Jonathan Yardley on Book Reviewing
I came to this task as a journalist, not a literateur, and I have remained one to this day. I have high literary standards and delight in the expression of strong opinion, literary and otherwise, but I also read a book as if I were a reporter: looking for what it is “about” in the deepest sense of the word, determining what matters about it and what doesn’t, trying to give the reader a feel for what it is like as well as passing judgment on it.
. . . Furthermore there is the matter of the future of books — and thus of book reviews — in a culture that is evolving as ours is. People constantly ask me about this, as if I knew something, when in truth I know nothing. I have no doubt that books will survive and perhaps even thrive in some form, but as a lover of bound and printed books I am uncomfortable, to say the least, with the rise of e-books, even as I readily acknowledge that they offer exciting new possibilities for transmitting the essential material of books to more readers than traditional books now reach. Still, I love to look at the bookshelves in our apartment and to be reminded by the title of one or another of the pleasures it once gave me and may yet give me again. To the best of my knowledge no one has yet figured out how to offer a similar experience with e-books.
Mill on Annotated Reading
For the first year or two after my visit to France, I continued my old studies, with the addition of some new ones. When I returned, my father was just finishing for the press his Elements of Political Economy, and he made me perform an exercise on the manuscript, which Mr Bentham practised on all his own writings, making what he called 'marginal contents'; a short abstract of every paragraph, to enable the writer more easily to judge of, and improve, the order of the ideas, and the general character of the exposition.

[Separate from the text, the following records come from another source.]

lemma scal_in_D:
  assumes "w \<in> D" "0 \<le> s"
  shows "scal s w \<in> D"
proof -
  have "(\<lambda>n. s powr q * (c n * \<bar>w n\<bar> powr q * ln (\<bar>w n\<bar> powr r))
      + r * ln s * s powr q * (c n * \<bar>w n\<bar> powr q)) summable_on UNIV"
    using assms(1) unfolding D_set_iff
    by (intro summable_on_add summable_on_cmult_right summable_c_mass) auto
  then show ?thesis
    using assms scal_in_E unfolding D_set_iff c_log_term_scal[OF assms(2)] by blast
qed

lemma scal_pn_in_D:
  assumes "u \<in> D" "0 \<le> s" "0 \<le> t"
  shows "scal_pn s t u \<in> D"
proof (rule in_D_if_parts)
  show "scal_pn s t u \<in> E"
    using assms by (intro scal_pn_in_E) (auto simp: D_set_iff)
  show "posp (scal_pn s t u) \<in> D" "negp (scal_pn s t u) \<in> D"
    using assms by (simp_all add: posp_scal_pn negp_scal_pn scal_in_D posp_in_D negp_in_D)
qed

lemma b_mass_split:
  assumes "v \<in> E"
  shows "b_mass v = b_mass (posp v) + b_mass (negp v)"
proof -
  have "b n * v n ^ N = b n * posp v n ^ N + b n * negp v n ^ N" for n
    by (rule split_by_sign[where f = "\<lambda>x. b n * x ^ N"]) (simp add: N_pos)
  then show ?thesis
    using assms unfolding b_mass_def
    by (simp add: infsum_add E_space_summable_b posp_in_E negp_in_E)
qed

lemma c_mass_split:
  assumes "v \<in> E"
  shows "c_mass v = c_mass (posp v) + c_mass (negp v)"
proof -
  have "c n * \<bar>v n\<bar> powr q = c n * \<bar>posp v n\<bar> powr q + c n * \<bar>negp v n\<bar> powr q" for n
    by (rule split_by_sign[where f = "\<lambda>x. c n * \<bar>x\<bar> powr q"]) simp
  then show ?thesis
    using assms unfolding c_mass_def
    by (simp add: infsum_add summable_c_mass posp_in_E negp_in_E)
qed

lemma c_log_split:
  assumes "v \<in> D"
  shows "c_log v = c_log (posp v) + c_log (negp v)"
proof -
  have "c n * \<bar>v n\<bar> powr q * ln (\<bar>v n\<bar> powr r)
      = c n * \<bar>posp v n\<bar> powr q * ln (\<bar>posp v n\<bar> powr r)
        + c n * \<bar>negp v n\<bar> powr q * ln (\<bar>negp v n\<bar> powr r)" for n
    by (rule split_by_sign) simp
  moreover have "(\<lambda>n. c n * \<bar>w n\<bar> powr q * ln (\<bar>w n\<bar> powr r)) summable_on UNIV"
    if "w = posp v \<or> w = negp v" for w
    using that assms posp_in_D negp_in_D unfolding D_set_iff by blast
  ultimately show ?thesis
    unfolding c_log_def by (simp add: infsum_add)
qed

lemma c_energy_split: "v \<in> D \<Longrightarrow> c_energy v = c_energy (posp v) + c_energy (negp v)"
  by (simp add: c_energy_def c_mass_split c_log_split D_set_iff algebra_simps add_divide_distrib)

lemma grad_energy_scal: "grad_energy (scal s v) = s ^ N * grad_energy v"
  unfolding grad_energy_def fdiff_scal power_mult_distrib
  by (subst infsum_cmult_right'[symmetric]) (simp add: mult_ac)

lemma b_mass_scal: "b_mass (scal s v) = s ^ N * b_mass v"
  unfolding b_mass_def scal_def power_mult_distrib
  by (subst infsum_cmult_right'[symmetric]) (simp add: mult_ac)

lemma c_mass_scal: "0 \<le> s \<Longrightarrow> c_mass (scal s v) = s powr q * c_mass v"
  unfolding c_mass_def scal_def
  by (subst infsum_cmult_right'[symmetric]) (simp add: abs_mult powr_mult mult_ac)

lemma grad_pair_scal_right: "grad_pair v (scal k w) = k * grad_pair v w"
  unfolding grad_pair_def fdiff_scal
  by (subst infsum_cmult_right'[symmetric]) (simp add: mult_ac)

lemma c_log_scal:
  assumes "w \<in> D" "0 \<le> s"
  shows "c_log (scal s w) = s powr q * (c_log w + r * ln s * c_mass w)"
proof -
  have "c_log (scal s w) = s powr q * c_log w + r * ln s * s powr q * c_mass w"
    using assms unfolding c_log_def c_mass_def c_log_term_scal[OF assms(2)]
    by (simp add: infsum_add infsum_cmult_right' summable_on_cmult_right summable_c_mass D_set_iff)
  then show ?thesis
    by (simp add: algebra_simps)
qed

lemma c_energy_scal:
  assumes "w \<in> D" "0 \<le> s"
  shows "c_energy (scal s w)
    = (r / q\<^sup>2 * c_mass w - c_log w / q) * s powr q - r / q * c_mass w * s powr q * ln s"
  using q_pos
  by (simp add: c_energy_def c_mass_scal c_log_scal assms power2_eq_square field_simps)

lemma normE_powr_p:
  assumes "v \<in> E"
  shows "normE a b p v powr p = grad_energy v + b_mass v"
proof -
  have "(\<Sum>\<^sub>\<infinity>n. a n * \<bar>fdiff v n\<bar> powr p + b n * \<bar>v n\<bar> powr p) = grad_energy v + b_mass v"
    using assms unfolding abs_powr_p grad_energy_def b_mass_def
    by (simp add: infsum_add E_space_summable_grad E_space_summable_b)
  moreover have "0 \<le> grad_energy v + b_mass v"
    using grad_energy_nonneg b_mass_nonneg by (rule add_nonneg_nonneg)
  ultimately show ?thesis
    using p_pos by (simp add: normE_def powr_powr)
qed

lemma Ifun_eq: "v \<in> E \<Longrightarrow> I v = (grad_energy v + b_mass v) / p + c_energy v"
  by (simp add: Ifun_def normE_powr_p c_energy_def c_mass_def c_log_def)

lemma dIfun_sign_part:
  assumes "v \<in> D" "w \<in> E" "\<And>n. w n = 0 \<or> w n = v n"
  shows "dI v w = grad_pair v w + b_mass w - c_log w"
proof -
  have b: "b n * v n ^ (N - 1) * w n = b n * w n ^ N" for n
    using assms(3)[of n]
  proof
    assume "w n = v n"
    then show ?thesis
      by (simp only: mult.assoc power_N_minus_1_mult)
  qed (use N_pos in simp)
  have c: "c n * \<bar>v n\<bar> powr (q - 2) * v n * w n * ln (\<bar>v n\<bar> powr r)
      = c n * \<bar>w n\<bar> powr q * ln (\<bar>w n\<bar> powr r)" for n
    using assms(3)[of n]
  proof
    assume "w n = v n"
    then show ?thesis
      unfolding \<open>w n = v n\<close> mult_abs_powr_q_minus_2 by simp
  qed (use q_pos in simp)
  have "(\<Sum>\<^sub>\<infinity>n. a n * \<bar>fdiff v n\<bar> powr (p - 2) * fdiff v n * fdiff w n
      + b n * \<bar>v n\<bar> powr (p - 2) * v n * w n) = grad_pair v w + b_mass w"
    using assms(1,2) unfolding mult_abs_powr_p_minus_2 b grad_pair_def b_mass_def
    by (intro infsum_add summable_grad_pair E_space_summable_b) (auto simp: D_set_iff)
  then show ?thesis
    unfolding dIfun_def c c_log_def by simp
qed

lemma dIfun_self:
  assumes "v \<in> D"
  shows "dI v v = grad_energy v + b_mass v - c_log v"
proof -
  have "grad_pair v v = grad_energy v"
    unfolding grad_pair_def grad_energy_def mult.assoc power_N_minus_1_mult ..
  then show ?thesis
    using dIfun_sign_part[OF assms] assms by (simp add: D_set_iff)
qed

lemma dIfun_posp: "v \<in> D \<Longrightarrow> dI v (posp v) = grad_pair v (posp v) + b_mass (posp v) - c_log (posp v)"
  and dIfun_negp: "v \<in> D \<Longrightarrow> dI v (negp v) = grad_pair v (negp v) + b_mass (negp v) - c_log (negp v)"
  using posp_negp_cases[of v]
  by (auto intro!: dIfun_sign_part intro: posp_in_E negp_in_E simp: D_set_iff)

section \<open>Points of the Nehari sets maximise \<open>I\<close> on their fibres\<close>

lemma c_energy_scal_le:
  assumes "w \<in> D" "0 \<le> s"
  shows "c_energy (scal s w) \<le> c_energy w + (1 - s powr q) / q * c_log w"
proof -
  have "s powr q - 1 \<le> q * (s powr q * ln s)"
  proof (cases "s = 0")
    case False
    then show ?thesis
      using minus_one_le_mult_ln[of "s powr q"] assms(2) by (simp add: ln_powr algebra_simps)
  qed simp
  then have "0 \<le> r / q\<^sup>2 * c_mass w * (1 - s powr q + q * (s powr q * ln s))"
    using r_pos c_mass_nonneg by (intro mult_nonneg_nonneg) auto
  also have "\<dots> = c_energy w + (1 - s powr q) / q * c_log w - c_energy (scal s w)"
    using q_pos unfolding c_energy_scal[OF assms] unfolding c_energy_def
    by (simp add: power2_eq_square field_simps)
  finally show ?thesis
    by simp
qed

lemma Ifun_scal:
  "v \<in> D \<Longrightarrow> I (scal s v) = s ^ N * (grad_energy v + b_mass v) / p + c_energy (scal s v)"
  by (simp add: Ifun_eq scal_in_E D_set_iff grad_energy_scal b_mass_scal algebra_simps)

lemma dIfun_scal_self:
  "v \<in> D \<Longrightarrow> 0 \<le> s \<Longrightarrow> dI (scal s v) (scal s v)
    = s ^ N * (grad_energy v + b_mass v) - s powr q * (c_log v + r * ln s * c_mass v)"
  by (simp add: dIfun_self scal_in_D grad_energy_scal b_mass_scal c_log_scal algebra_simps)
(* Run MUDAN on a reported profile $\theta'$ with nonempty final winner set $W$, and let $w^*$ be the last buyer added to $W$. If a buyer $y$ has reported valuation strictly larger than the reported valuation of every winner, i.e. $v'_y>v'_w$ for all $w\in W$, then $w^*$ is critical for $y$: every directed path from $s$ to $y$ in $G_{\theta'}$ passes through $w^*$. In particular, under truthful reporting ($\theta'=\theta$), such a $y$ does not belong to $B^*$, the set of buyers for which $w^*$ is not critical.
   Context: Single-demand model. A seller $s$ has $m\ge 1$ identical items. Buyers $B=\{1,\dots,n\}$; buyer $i$ has a true valuation $v_i\in\mathbb{R}_{\ge0}$ and true neighbour set $r_i\subseteq B$; the seller has a fixed neighbour set $r_s\subseteq B$. Buyer $i$ reports $(v'_i,r'_i)$ with $v'_i\ge 0$, $r'_i\subseteq r_i$; the truthful profile is $\theta$. The profile graph $G_{\theta'}$ is the directed graph on $\{s\}\cup B$ with an edge $(x,y)$ iff $y\in r'_x$ (for $x=s$ use $r_s$). A buyer $w$ is critical for a buyer $i$ if every directed path from $s$ to $i$ in $G_{\theta'}$ passes through $w$. Priority rule: each buyer $i$ is given a priority $\sigma_i$ that is a function of its reported neighbour set $r'_i$ only (e.g. $\sigma_i=|r'_i|$), independent of all reported valuations and non-decreasing with respect to inclusion of $r'_i$; ties are broken by a fixed total order on buyers. MUDAN, run on a reported profile $\theta'$. It maintains an explored set $A\subseteq B$, a winner set $W\subseteq A$, remaining supply $m'=m-|W|$, and tentative payments. For current $A,W$ the potential-winner set $P(A,W)$ is: $P=A$ if $|A\setminus W|\le m'$; otherwise $P=W\cup\{$the $m'$ buyers of $A\setminus W$ with highest reported valuations$\}$ (ties broken by a fixed total order). Buyers in $A\setminus P$ are called exhausted. Initialise $A=r_s$, $W=\varnothing$, and repeat: (1) Closure: while some buyer $x\in W\cup(A\setminus P(A,W))$ (with $P$ recomputed from the current $A,W$) has $r'_x\not\subseteq A$, set $A\leftarrow A\cup r'_x$. (2) Let $P=P(A,W)$; if $P\setminus W=\varnothing$, stop. (3) Let $w$ be the buyer of $P\setminus W$ with highest priority; set its tentative payment $\hat p_w$ to the $(m'+1)$-th highest reported valuation in $A\setminus W$ (current $m'$, before adding $w$), or $0$ if $|A\setminus W|\le m'$; add $w$ to $W$. Output: every $w\in W$ gets an item and pays $\hat p_w$; other buyers get nothing and pay $0$. *)

theory Defs
  imports Complex_Main
begin

text \<open>Buyers have an arbitrary type 'b with a linear order; this linear order is the
fixed total order used for all tie-breaking (smaller in the order = preferred).
Vertices of the profile graph are of type 'b option: None is the seller s,
Some i is buyer i.\<close>

definition pg_edge :: "'b set \<Rightarrow> ('b \<Rightarrow> 'b set) \<Rightarrow> 'b option \<Rightarrow> 'b option \<Rightarrow> bool" where
  "pg_edge rs r' x y =
     (case (x, y) of
        (None, Some b) \<Rightarrow> b \<in> rs
      | (Some a, Some b) \<Rightarrow> b \<in> r' a
      | _ \<Rightarrow> False)"

definition pg_path :: "'b set \<Rightarrow> ('b \<Rightarrow> 'b set) \<Rightarrow> 'b \<Rightarrow> 'b option list \<Rightarrow> bool" where
  "pg_path rs r' i p =
     (p \<noteq> [] \<and> hd p = None \<and> last p = Some i \<and> distinct p \<and>
      (\<forall>k. Suc k < length p \<longrightarrow> pg_edge rs r' (p ! k) (p ! Suc k)))"

definition critical :: "'b set \<Rightarrow> ('b \<Rightarrow> 'b set) \<Rightarrow> 'b \<Rightarrow> 'b \<Rightarrow> bool" where
  "critical rs r' w i = (\<forall>p. pg_path rs r' i p \<longrightarrow> Some w \<in> set p)"

definition Bstar :: "'b set \<Rightarrow> 'b set \<Rightarrow> ('b \<Rightarrow> 'b set) \<Rightarrow> 'b \<Rightarrow> 'b set" where
  "Bstar B rs r' w = {i \<in> B. \<not> critical rs r' w i}"

definition val_better :: "('b::linorder \<Rightarrow> real) \<Rightarrow> 'b \<Rightarrow> 'b \<Rightarrow> bool" where
  "val_better v z x = (v z > v x \<or> (v z = v x \<and> z < x))"

definition top_k :: "('b::linorder \<Rightarrow> real) \<Rightarrow> nat \<Rightarrow> 'b set \<Rightarrow> 'b set" where
  "top_k v k S = {x \<in> S. card {z \<in> S. val_better v z x} < k}"

text \<open>Potential-winner set P(A,W), with m' the remaining supply.\<close>
definition pot_win :: "('b::linorder \<Rightarrow> real) \<Rightarrow> nat \<Rightarrow> 'b set \<Rightarrow> 'b set \<Rightarrow> 'b set" where
  "pot_win v m' A W =
     (if card (A - W) \<le> m' then A else W \<union> top_k v m' (A - W))"

text \<open>(k+1)-th highest valuation in S (k counted from 0), 0 if |S| <= k.\<close>
definition kth_price :: "('b::linorder \<Rightarrow> real) \<Rightarrow> nat \<Rightarrow> 'b set \<Rightarrow> real" where
  "kth_price v k S =
     (if card S \<le> k then 0 else rev (sort (map v (sorted_list_of_set S))) ! k)"

definition prio_max :: "('b set \<Rightarrow> real) \<Rightarrow> ('b \<Rightarrow> 'b set) \<Rightarrow> 'b::linorder set \<Rightarrow> 'b \<Rightarrow> bool" where
  "prio_max \<sigma> r' S w =
     (w \<in> S \<and> (\<forall>z\<in>S. z \<noteq> w \<longrightarrow>
        \<sigma> (r' z) < \<sigma> (r' w) \<or> (\<sigma> (r' z) = \<sigma> (r' w) \<and> w < z)))"

text \<open>State: explored set A, winners as a list in order of addition, tentative payments.\<close>
type_synonym 'b mstate = "'b set \<times> 'b list \<times> ('b \<Rightarrow> real)"

definition closure_cand :: "nat \<Rightarrow> ('b::linorder \<Rightarrow> real) \<Rightarrow> ('b \<Rightarrow> 'b set) \<Rightarrow> 'b set \<Rightarrow> 'b list \<Rightarrow> 'b \<Rightarrow> bool" where
  "closure_cand m v r' A ws x =
     (x \<in> set ws \<union> (A - pot_win v (m - length ws) A (set ws)) \<and> \<not> r' x \<subseteq> A)"

inductive mudan_step ::
  "nat \<Rightarrow> ('b set \<Rightarrow> real) \<Rightarrow> ('b::linorder \<Rightarrow> real) \<Rightarrow> ('b \<Rightarrow> 'b set) \<Rightarrow> 'b mstate \<Rightarrow> 'b mstate \<Rightarrow> bool"
  for m \<sigma> v r' where
  closure: "closure_cand m v r' A ws x \<Longrightarrow>
     mudan_step m \<sigma> v r' (A, ws, pay) (A \<union> r' x, ws, pay)"
| add_winner: "\<lbrakk> \<forall>x. \<not> closure_cand m v r' A ws x;
     prio_max \<sigma> r' (pot_win v (m - length ws) A (set ws) - set ws) w \<rbrakk> \<Longrightarrow>
     mudan_step m \<sigma> v r' (A, ws, pay)
       (A, ws @ [w], pay(w := kth_price v (m - length ws) (A - set ws)))"

definition mudan_init :: "'b set \<Rightarrow> 'b mstate" where
  "mudan_init rs = (rs, [], (\<lambda>_. 0))"

definition mudan_final ::
  "nat \<Rightarrow> ('b set \<Rightarrow> real) \<Rightarrow> 'b set \<Rightarrow> ('b::linorder \<Rightarrow> real) \<Rightarrow> ('b \<Rightarrow> 'b set) \<Rightarrow> 'b mstate \<Rightarrow> bool" where
  "mudan_final m \<sigma> rs v r' st =
     (case st of (A, ws, pay) \<Rightarrow>
        (mudan_step m \<sigma> v r')\<^sup>*\<^sup>* (mudan_init rs) st \<and>
        (\<forall>x. \<not> closure_cand m v r' A ws x) \<and>
        pot_win v (m - length ws) A (set ws) - set ws = {})"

~John Stuart Mill, Autobiography chapter III, “Last Stage of Education, and First of Self-Education”
I love the method outlined here and think it works equally well for the reader as for the writer, especially when applied to difficult books. Mill was almost exactly half my age when he returned from France and began this work (in other words, he was just over 15—and by this point he had, famously, already undergone homeschooling of the intensest variety).